21.5.06

La solitude du couple

Une petite salle en fond de cour, pas très loin de la maison. Un atelier d'artiste en transformation, mais gardant tout son charme. Une petite salle sans chichi, minuscule et sans ostentation. Un mur de briques à peine enduit, des poutres de bois, une petite mezzanine, une scène semblable à un dancefloor de salle des fêtes. Une odeur aussi, mélangeant délicatement les essences du bois, de la poussière et quelques vapeurs d'humidité. Une petite pièce que j'aimerais bien avoir à la maison. Une population d'habitués semble t-il. Une quarantaine de personnes, pas plus, la salle ne pourrait pas en accueillir plus. Des Bobos du 19ème avec leurs codes allant jusqu'au baise-main dans des gestes évaporés. Un microcosme plaisant même si je m'y sens comme un étranger. C'est assez plaisant à observer tout ce petit monde là. Pourquoi donc, je me retrouve dans cet endroit à des années lumières de toute l'agitation de la rue de Belleville, pourtant juste à côté et de la place des Fête? Encore une fois, la volonté de partir à la découverte toujours plus d'horizons dansés.
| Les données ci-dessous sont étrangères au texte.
(* Let $p=d/n$, and let $\sigma,\theta$ satisfy the hypotheses: $\theta>1$, $\sigma\in(0,1]$, $\left(\frac{\sigma e d}{2\theta}\right)^{\theta}\le \frac{\sigma}{2e}$ and $d=o(n^{1-1/\theta})$. Let $\Delta,\tau>0$ with $m:=(\Delta-2\theta)\tau>1$, $$\left(\frac{\sigma e d}{m}\right)^{m}\le \frac{\sigma}{4e},$$ and $d=o(n^{1-1/m})$. Then w.h.p. $G_{n,p}$ contains no pair of sets $T\subseteq S\subseteq[n]$ with $|S|=s\le\sigma n$, $|T|\ge \tau s$, and $d_S(v)\ge \Delta$ for every $v\in T$.
   Context: $G_{n,p}$ is the binomial random graph on $[n]$; $d_S(v)$ denotes the number of neighbors of $v$ in $S$. W.h.p. means with probability tending to 1 as $n\to\infty$. *)

theory Defs
  imports "HOL-Probability.Probability" "HOL-Library.Landau_Symbols"
begin

text \<open>Binomial random graph G(n,p) on the vertex set [n] = {0..<n}: each unordered pair
  {i,j} with i < j < n (encoded as the pair (i,j)) is an edge independently with probability p.
  A sample is an indicator function on pairs (False outside the admissible pairs).\<close>
definition gnp :: "nat \<Rightarrow> real \<Rightarrow> (nat \<times> nat \<Rightarrow> bool) pmf" where
  "gnp n p = Pi_pmf {(i, j). i < j \<and> j < n} False (\<lambda>_. bernoulli_pmf p)"

definition adj :: "(nat \<times> nat \<Rightarrow> bool) \<Rightarrow> nat \<Rightarrow> nat \<Rightarrow> bool" where
  "adj G u v \<longleftrightarrow> u \<noteq> v \<and> G (min u v, max u v)"

definition degIn :: "(nat \<times> nat \<Rightarrow> bool) \<Rightarrow> nat set \<Rightarrow> nat \<Rightarrow> nat" where
  "degIn G S v = card {u \<in> S. adj G u v}"

definition bad_pair :: "nat \<Rightarrow> real \<Rightarrow> real \<Rightarrow> real \<Rightarrow> (nat \<times> nat \<Rightarrow> bool) \<Rightarrow> bool" where
  "bad_pair n \<sigma> \<tau> \<Delta> G \<longleftrightarrow>
     (\<exists>S T. T \<subseteq> S \<and> S \<subseteq> {..<n} \<and> S \<noteq> {} \<and> real (card S) \<le> \<sigma> * real n \<and>
            real (card T) \<ge> \<tau> * real (card S) \<and> (\<forall>v\<in>T. real (degIn G S v) \<ge> \<Delta>))"

end

theory Submission
  imports Defs "HOL-Real_Asymp.Real_Asymp"
begin

(* Proof idea (first-moment method).  If T \<subseteq> S is a bad pair, double counting the degrees
   d_S(v), v \<in> T, gives  \<Delta>|T| \<le> 2 e(T) + e(T, S - T).  Hence either T itself spans at least
   \<theta>|T| edges, or at least (\<Delta> - 2\<theta>)|T| \<ge> m|S| edges run between T and S - T, where
   m = (\<Delta> - 2\<theta>)\<tau>.  Both alternatives are instances of one "heavy" event: some vertex set U
   with |U| = t \<le> \<sigma>n and some set P of at most t^2/a vertex pairs attached to U contain at
   least \<gamma>t edges.  A union bound over U, P and the \<lceil>\<gamma>t\<rceil>-subsets of P, with
   binom(N,k) \<le> (eN/k)^k, bounds the probability of a heavy event by
   \<Sum>_{1 \<le> t \<le> \<sigma>n} ((t/(\<sigma>n))^(\<gamma>-1)/2)^t, and this sum tends to 0 for every \<gamma> > 1.
   The file develops: elementary estimates; edge-event probabilities in G(n,p); the
   deterministic dichotomy for bad pairs; the bound for heavy events; the vanishing of the
   sums; and finally the theorem. *)

text \<open>The lower bound k! \<ge> (k/e)^k, read off from one term of the series of exp k.\<close>
lemma fact_ge_pow_over_e: "(real k / exp 1) ^ k \<le> fact k"
proof -
  have s: "(\<lambda>n. real k ^ n / fact n) sums exp (real k)"
    using exp_converges[of "real k"] by (simp add: divide_inverse mult.commute)
  have "(\<Sum>n\<in>{k}. real k ^ n / fact n) \<le> (\<Sum>n. real k ^ n / fact n)"
    by (rule sum_le_suminf) (use s sums_summable in auto)
  hence "real k ^ k / fact k \<le> exp (real k)" using s sums_unique by force
  hence "real k ^ k \<le> exp (real k) * fact k" by (simp add: divide_le_eq)
  moreover have "exp (real k) = exp 1 ^ k" by (simp add: exp_of_nat_mult[symmetric])
  ultimately show ?thesis by (simp add: power_divide divide_le_eq mult.commute)
qed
C'est une histoire de couple à trois personnes. Deux humains qui cohabitent tant bien que mal et un autre matériel mais qui fait le lien entre les deux humains.
Un homme, une femme, une télévision. Les trois angles d'une figure géométrique aux contours flous.
Une relation basée sur une vague indifférence de l'autre. Chacun fait ce qu'il a faire de son côté sans voir que l'autre existe. Une relation d'amour gauche, aux gestes incertains, aux sentiments difficilement exprimés si ce n'est par une relative violence. Une relation de non-dits que seule le Titanic, le film de James Cameron réussit parfois à faire s'exprimer et à rapprocher les deux personnes. Une relation de la solitude à deux. Une relation fantasmée aussi. Le rêve de la femme de massacrer son compagnon qui épluche des pommes de terre. Le rêve de la femme de se trouver plus belle, en se transformant en Marilyn Monroe pour mieux séduire son compagnon sans succès. L'incompréhension deux personnes qui s'aiment mais ne parviennent pas à se le dire et qui finalement réussissent à se l'avouer qu'en jouant à des jeux dangereux en feignant la mort d'un des deux.
Cette petite pièce parle d'amour. De petites gens. De gens imparfaits. De quotidien qui arase tout dans une relation à deux, si on ne fait pas un minimum attention à l'autre. Une pièce évoquant les gens du Nord (les deux danseurs sont nés là bas) par de petites touches sensibles : une fanfare, un masque de géant de Carnaval, des accents rauques, des frites. Mais ce n'est qu'un clin d'oeil, car ce couple là se retrouve partout.
Une pièce simple, populaire, humaine et humaniste. Une pièce où les gestes choregraphiés sont d'une puissance poignante et touchante. Rarement, je n'ai ressenti autant d'émotions en danse contemporaine.